Trial results for a study investigating endovascular therapy for Multiple Sclerosis were posted on 2025-06-18. The study, which enrolled 20 participants, reported no immediate or short-term serious adverse events, but also no improvement in venous outflow.
Background
Multiple Sclerosis (MS) is a chronic, often debilitating disease that affects the brain and spinal cord. While various treatments exist to manage symptoms and slow disease progression, research continues into potential new therapeutic approaches. This particular study explored the safety and effectiveness of intravascular angioplasty, a procedure aimed at treating venous narrowing, in the context of Multiple Sclerosis.
Trial design
The PREMiSE (Prospective Randomized Endovascular Therapy in Multiple Sclerosis) study was a completed trial that enrolled 20 participants with Multiple Sclerosis. The trial's objective was to evaluate the safety and effectiveness of intravascular angioplasty for the treatment of venous narrowing in MS. Participants were assigned to either a "Control Arm" or an "Active Arm" for evaluation. The trial phase was designated as "NA".
Key results
The trial reported on two key measurements:
- Percentage of Patients With Immediate and Short-term SAE:
- In the Control Arm, 0 Participants experienced immediate and short-term serious adverse events.

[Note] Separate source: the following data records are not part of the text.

(* Let $\mathbf{A}$ be a real $n\times n$ matrix that is totally $J$-sign-symmetric (TJS) (respectively, strictly totally $J$-sign-symmetric (STJS)). Then $\mathbf{A}^T$, as well as every principal submatrix of $\mathbf{A}$ and of $\mathbf{A}^T$, is TJS (respectively, STJS).
   Context: For $J\subseteq[m]=\{1,\ldots,m\}$, $J^c=[m]\setminus J$, an $m\times m$ matrix $(a_{ik})$ is $J$-sign-symmetric if $a_{ik}\ge0$ on $(J\times J)\cup(J^c\times J^c)$ and $a_{ik}\le0$ on $(J\times J^c)\cup(J^c\times J)$; strictly $J$-sign-symmetric if these inequalities are strict. The $j$th compound matrix $\mathbf{A}^{(j)}$ is the $\binom{n}{j}\times\binom{n}{j}$ matrix of all $j\times j$ minors with index sets in lexicographic order. $\mathbf{A}$ is TJS (resp. STJS) if $\mathbf{A}$ is $J$-sign-symmetric (resp. strictly $J$-sign-symmetric) for some $J\subseteq[n]$ and for every $j=2,\ldots,n$ the compound $\mathbf{A}^{(j)}$ is $J_j$-sign-symmetric (resp. strictly $J_j$-sign-symmetric) for some subset $J_j$ of its index set. A principal submatrix $\mathbf{A}(M)$, $M\subseteq[n]$, consists of the rows and columns with indices in $M$. *)

theory Defs
  imports "Jordan_Normal_Form.Determinant" "Jordan_Normal_Form.DL_Submatrix"
begin

definition sign_sym_on :: "bool \<Rightarrow> 'i set \<Rightarrow> 'i set \<Rightarrow> ('i \<Rightarrow> 'i \<Rightarrow> real) \<Rightarrow> bool" where
  "sign_sym_on strict I J a \<longleftrightarrow> J \<subseteq> I \<and>
     (\<forall>i\<in>I. \<forall>k\<in>I.
        ((i \<in> J) = (k \<in> J) \<longrightarrow> (if strict then a i k > 0 else a i k \<ge> 0)) \<and>
        ((i \<in> J) \<noteq> (k \<in> J) \<longrightarrow> (if strict then a i k < 0 else a i k \<le> 0)))"

text \<open>Minor of A with row index set S and column index set T (indices in increasing order).\<close>
definition minor :: "real mat \<Rightarrow> nat set \<Rightarrow> nat set \<Rightarrow> real" where
  "minor A S T = det (submatrix A S T)"

definition compound_index :: "nat \<Rightarrow> nat \<Rightarrow> nat set set" where
  "compound_index n j = {S. S \<subseteq> {0..<n} \<and> card S = j}"

definition total_sign_sym :: "bool \<Rightarrow> real mat \<Rightarrow> bool" where
  "total_sign_sym strict A \<longleftrightarrow> A \<in> carrier_mat (dim_row A) (dim_row A) \<and>
     (\<exists>J. sign_sym_on strict {0..<dim_row A} J (\<lambda>i k. A $$ (i, k))) \<and>
     (\<forall>j\<in>{2..dim_row A}. \<exists>Jj. sign_sym_on strict (compound_index (dim_row A) j) Jj (minor A))"

abbreviation TJS :: "real mat \<Rightarrow> bool" where "TJS \<equiv> total_sign_sym False"
abbreviation STJS :: "real mat \<Rightarrow> bool" where "STJS \<equiv> total_sign_sym True"

definition principal_submatrix :: "real mat \<Rightarrow> nat set \<Rightarrow> real mat" where
  "principal_submatrix A M = submatrix A M M"

end

theory Submission
  imports Defs
begin

text \<open>Transposition transposes every compound matrix, since a minor of the transpose is the
  transposed minor, and sign-symmetry with respect to a fixed set is invariant under swapping the
  two indices; so the same sets J, J_j serve for the transpose. The j x j minors of a principal
  submatrix A(M) are the minors of A whose row and column index sets lie in M, reindexed by the
  increasing enumeration pick M of M; pulling J_j back along this reindexing shows that A(M)
  inherits every sign pattern of A.\<close>

lemma sign_sym_on_swap:
  assumes "sign_sym_on s I J a" "\<And>x y. x \<in> I \<Longrightarrow> y \<in> I \<Longrightarrow> b x y = a y x"
  shows "sign_sym_on s I J b"
  using assms unfolding sign_sym_on_def by (smt (verit))

lemma sign_sym_on_pullback:
  assumes "sign_sym_on s I J a" "f ` I' \<subseteq> I"
    and "\<And>x y. x \<in> I' \<Longrightarrow> y \<in> I' \<Longrightarrow> b x y = a (f x) (f y)"
  shows "sign_sym_on s I' {x \<in> I'. f x \<in> J} b"
  using assms unfolding sign_sym_on_def image_subset_iff by auto

lemma pick_less_pick_iff:
  assumes "m < card S" "n < card S"
  shows "pick S m < pick S n \<longleftrightarrow> m < n"
  using assms pick_mono[of _ S] by (metis not_less_iff_gr_or_eq order_less_asym')

lemma inj_on_pick: "inj_on (pick S) {..<card S}"
  by (rule inj_onI) (metis lessThan_iff nat_neq_iff pick_less_pick_iff)

lemma pick_image_pick:
  assumes "T \<subseteq> {..<card S}" "n < card T"
  shows "pick (pick S ` T) n = pick S (pick T n)"
proof -
  let ?t = "pick T n"
  have t: "?t \<in> T" "?t < card S" using assms pick_in_set by blast+
  have "{y \<in> pick S ` T. y < pick S ?t} = pick S ` {x \<in> T. x < ?t}"
    using assms t pick_less_pick_iff by auto
  moreover have "inj_on (pick S) {x \<in> T. x < ?t}"
    using assms(1) by (auto intro: inj_on_subset[OF inj_on_pick])
  ultimately have "card {y \<in> pick S ` T. y < pick S ?t} = n"
    using card_image card_pick assms(2) by metis
  with t(1) show ?thesis using pick_card_in_set by (metis imageI)
qed

lemma pick_image_subset:
  assumes "T \<subseteq> {..<card S}"
  shows "pick S ` T \<subseteq> S"
  using assms pick_in_set by blast

lemma card_pick_image:
  assumes "T \<subseteq> {..<card S}"
  shows "card (pick S ` T) = card T"
  using assms by (auto intro: card_image inj_on_subset[OF inj_on_pick])

lemma submatrix_transpose_mat:
  "submatrix (transpose_mat A) I J = transpose_mat (submatrix A J I)"
proof (rule eq_matI)
  fix i j
  assume "i < dim_row (transpose_mat (submatrix A J I))" "j < dim_col (transpose_mat (submatrix A J I))"
  then have "i < card {k. k < dim_col A \<and> k \<in> I}" "j < card {k. k < dim_row A \<and> k \<in> J}"
    by (simp_all add: dim_submatrix)
  then show "submatrix (transpose_mat A) I J $$ (i, j) = transpose_mat (submatrix A J I) $$ (i, j)"
    using pick_le by (simp add: submatrix_index dim_submatrix)
qed (simp_all add: dim_submatrix)

lemma submatrix_submatrix:
  assumes I: "I \<subseteq> {..<dim_row A}" and J: "J \<subseteq> {..<dim_col A}"
    and I': "I' \<subseteq> {..<card I}" and J': "J' \<subseteq> {..<card J}"
  shows "submatrix (submatrix A I J) I' J' = submatrix A (pick I ` I') (pick J ` J')"
proof -
  from pick_image_subset[OF I'] pick_image_subset[OF J']
  have "{i. i < dim_row A \<and> i \<in> I} = I" "{j. j < dim_col A \<and> j \<in> J} = J"
    "{i. i < dim_row A \<and> i \<in> pick I ` I'} = pick I ` I'"
    "{j. j < dim_col A \<and> j \<in> pick J ` J'} = pick J ` J'"
    "{i. i < card I \<and> i \<in> I'} = I'" "{j. j < card J \<and> j \<in> J'} = J'"
    using I J I' J' by auto
  note dims = dim_submatrix this card_pick_image[OF I'] card_pick_image[OF J']
  show ?thesis
  proof (rule eq_matI)
    fix i j
    assume "i < dim_row (submatrix A (pick I ` I') (pick J ` J'))"
      "j < dim_col (submatrix A (pick I ` I') (pick J ` J'))"
    then have ij: "i < card I'" "j < card J'" by (simp_all only: dims)
    then have picks: "pick I' i < card I" "pick J' j < card J"
      using I' J' pick_in_set by blast+
    have "submatrix (submatrix A I J) I' J' $$ (i, j) = submatrix A I J $$ (pick I' i, pick J' j)"
      by (rule submatrix_index) (simp_all only: dims ij)
    also have "\<dots> = A $$ (pick I (pick I' i), pick J (pick J' j))"
      by (rule submatrix_index) (simp_all only: dims picks)
    also have "\<dots> = submatrix A (pick I ` I') (pick J ` J') $$ (i, j)"
      unfolding pick_image_pick[OF I' ij(1), symmetric] pick_image_pick[OF J' ij(2), symmetric]
      by (rule submatrix_index[symmetric]) (simp_all only: dims ij)
    finally show "submatrix (submatrix A I J) I' J' $$ (i, j)
        = submatrix A (pick I ` I') (pick J ` J') $$ (i, j)" .
  qed (simp_all only: dims)
qed

lemma minor_transpose_mat:
  assumes "I \<subseteq> {..<dim_col A}" "J \<subseteq> {..<dim_row A}" "card I = card J"
  shows "minor (transpose_mat A) I J = minor A J I"
proof -
  have rows: "{i. i < dim_row A \<and> i \<in> J} = J" and cols: "{j. j < dim_col A \<and> j \<in> I} = I"
    using assms(1,2) by auto
  have "submatrix A J I \<in> carrier_mat (card J) (card J)"
    by (rule carrier_matI) (simp_all only: dim_submatrix rows cols assms(3))
  then show ?thesis
    unfolding minor_def submatrix_transpose_mat by (rule det_transpose)
qed

lemma pick_image_compound_index:
  assumes "M \<subseteq> {0..<n}" "S \<in> compound_index (card M) j"
  shows "pick M ` S \<in> compound_index n j"
proof -
  have S: "S \<subseteq> {..<card M}" "card S = j"
    using assms(2) unfolding compound_index_def by auto
  have "card (pick M ` S) = card S"
    using S(1) by (rule card_pick_image)
  moreover have "pick M ` S \<subseteq> M"
    using S(1) by (rule pick_image_subset)
  ultimately show ?thesis
    using assms(1) S(2) unfolding compound_index_def by auto
qed

lemma total_sign_sym_transpose_mat:
  assumes "total_sign_sym s A"
  shows "total_sign_sym s (transpose_mat A)"
proof -
  let ?n = "dim_row A"
  note tss = assms[unfolded total_sign_sym_def]
  have A: "A \<in> carrier_mat ?n ?n"
    using tss by (rule conjunct1)
  then have cols: "dim_col A = ?n" by (rule carrier_matD)
  have Jj: "\<forall>j\<in>{2..?n}. \<exists>Jj. sign_sym_on s (compound_index ?n j) Jj (minor A)"
    using tss by (elim conjE)
  obtain J where J: "sign_sym_on s {0..<?n} J (\<lambda>i k. A $$ (i, k))"
    using tss by (elim conjE exE)
  have "sign_sym_on s {0..<?n} J (\<lambda>i k. transpose_mat A $$ (i, k))"
  proof (rule sign_sym_on_swap[OF J])
    fix i k assume "i \<in> {0..<?n}" "k \<in> {0..<?n}"
    with cols show "transpose_mat A $$ (i, k) = A $$ (k, i)" by simp
  qed
  then have entries: "\<exists>J. sign_sym_on s {0..<?n} J (\<lambda>i k. transpose_mat A $$ (i, k))" ..
  have minors: "\<exists>Jj. sign_sym_on s (compound_index ?n j) Jj (minor (transpose_mat A))"
    if "j \<in> {2..?n}" for j
  proof -
    from Jj that obtain Jj where Jj: "sign_sym_on s (compound_index ?n j) Jj (minor A)" by blast
    have "sign_sym_on s (compound_index ?n j) Jj (minor (transpose_mat A))"
    proof (rule sign_sym_on_swap[OF Jj])
      fix S T assume "S \<in> compound_index ?n j" "T \<in> compound_index ?n j"
      then show "minor (transpose_mat A) S T = minor A T S"
        using cols by (intro minor_transpose_mat) (auto simp: compound_index_def)
    qed
    then show ?thesis ..
  qed
  have AT: "transpose_mat A \<in> carrier_mat ?n ?n"
    unfolding transpose_carrier_mat by (rule A)
  then have dim: "dim_row (transpose_mat A) = ?n" by (rule carrier_matD)
  show ?thesis
    unfolding total_sign_sym_def dim using AT entries minors by (intro conjI ballI)
qed

lemma principal_submatrix_carrier_mat:
  assumes "A \<in> carrier_mat n n" "M \<subseteq> {0..<n}"
  shows "principal_submatrix A M \<in> carrier_mat (card M) (card M)"
proof -
  have "{i. i < n \<and> i \<in> M} = M" using assms(2) by auto
  with assms(1) show ?thesis
    unfolding principal_submatrix_def carrier_mat_def by (simp add: dim_submatrix)
qed

lemma total_sign_sym_principal_submatrix:
  assumes "total_sign_sym s A" "A \<in> carrier_mat n n" "M \<subseteq> {0..<n}"
  shows "total_sign_sym s (principal_submatrix A M)"
proof -
  let ?B = "principal_submatrix A M" and ?m = "card M"
  have B: "?B \<in> carrier_mat ?m ?m"
    using assms(2,3) by (rule principal_submatrix_carrier_mat)
  have dims: "dim_row A = n" "dim_col A = n" using assms(2) by auto
  have M: "M \<subseteq> {..<dim_row A}" "M \<subseteq> {..<dim_col A}" using assms(3) dims by auto
  obtain J where J: "sign_sym_on s {0..<n} J (\<lambda>i k. A $$ (i, k))"
    using assms(1) dims unfolding total_sign_sym_def by auto
  have Jj: "\<forall>j\<in>{2..n}. \<exists>Jj. sign_sym_on s (compound_index n j) Jj (minor A)"
    using assms(1) dims unfolding total_sign_sym_def by auto
  have "pick M ` {0..<?m} \<subseteq> {0..<n}"
    using pick_image_subset[of "{0..<?m}" M] assms(3) by (simp add: atLeast0LessThan)
  moreover have "?B $$ (i, k) = A $$ (pick M i, pick M k)"
    if "i \<in> {0..<?m}" "k \<in> {0..<?m}" for i k
  proof -
    have "{i. i < dim_row A \<and> i \<in> M} = M" "{i. i < dim_col A \<and> i \<in> M} = M"
      using M by auto
    with that show ?thesis
      unfolding principal_submatrix_def by (simp add: submatrix_index)
  qed
  ultimately have "sign_sym_on s {0..<?m} {i \<in> {0..<?m}. pick M i \<in> J} (\<lambda>i k. ?B $$ (i, k))"
    by (rule sign_sym_on_pullback[OF J])
  then have entries: "\<exists>J. sign_sym_on s {0..<?m} J (\<lambda>i k. ?B $$ (i, k))" ..
  have minors: "\<exists>Jj. sign_sym_on s (compound_index ?m j) Jj (minor ?B)"
    if j: "j \<in> {2..?m}" for j
  proof -
    have "j \<in> {2..n}"
      using j card_mono[OF _ assms(3)] by auto
    with Jj obtain Jj where Jj: "sign_sym_on s (compound_index n j) Jj (minor A)" by blast
    have reindex: "(\<lambda>S. pick M ` S) ` compound_index ?m j \<subseteq> compound_index n j"
      using assms(3) pick_image_compound_index by blast
    have minor_eq: "minor ?B S T = minor A (pick M ` S) (pick M ` T)"
      if "S \<in> compound_index ?m j" "T \<in> compound_index ?m j" for S T
      using that M unfolding minor_def principal_submatrix_def compound_index_def
      by (subst submatrix_submatrix) auto
    show ?thesis
      by (rule exI, rule sign_sym_on_pullback[OF Jj reindex minor_eq])
  qed
  from B entries minors show ?thesis
    unfolding total_sign_sym_def by auto
qed

theorem proposition29:
  fixes A :: "real mat" and n :: nat
  assumes "A \<in> carrier_mat n n"
  shows "(TJS A \<longrightarrow> TJS (transpose_mat A) \<and>
            (\<forall>M. M \<subseteq> {0..<n} \<longrightarrow>
               TJS (principal_submatrix A M) \<and> TJS (principal_submatrix (transpose_mat A) M)))
       \<and> (STJS A \<longrightarrow> STJS (transpose_mat A) \<and>
            (\<forall>M. M \<subseteq> {0..<n} \<longrightarrow>
               STJS (principal_submatrix A M) \<and> STJS (principal_submatrix (transpose_mat A) M)))"
proof -
  have "transpose_mat A \<in> carrier_mat n n" using assms by simp
  then show ?thesis
    using total_sign_sym_transpose_mat total_sign_sym_principal_submatrix[OF _ assms]
      total_sign_sym_principal_submatrix[of _ "transpose_mat A"] by blast
qed

end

- In the Active Arm, 0 Participants experienced immediate and short-term serious adverse events.
- Number of Participants With More Than 75% of Normal Outflow at 1 Year Post-angioplasty:
- In the Control Arm, 0 Participants achieved more than 75% of normal outflow at 1 year post-angioplasty.
- In the Active Arm, 0 Participants achieved more than 75% of normal outflow at 1 year post-angioplasty.
What this means
Based on these results, the intravascular angioplasty procedure, as investigated in this small trial, appears to be safe, with 0 serious adverse events reported in both the active and control arms. However, the intervention did not demonstrate efficacy in improving venous outflow, as 0 participants in either arm achieved the target of more than 75% normal outflow at one year. This suggests that, within the parameters of this study, the intervention did not achieve its intended physiological effect for patients with Multiple Sclerosis. The small enrollment of 20 participants limits the generalizability of these findings.
Source
The information regarding these trial results was obtained from ClinicalTrials.gov, a public database of clinical studies. The results for the study "Prospective Randomized Endovascular Therapy in Multiple Sclerosis - PREMiSE" were posted on 2025-06-18 on clinicaltrials.gov.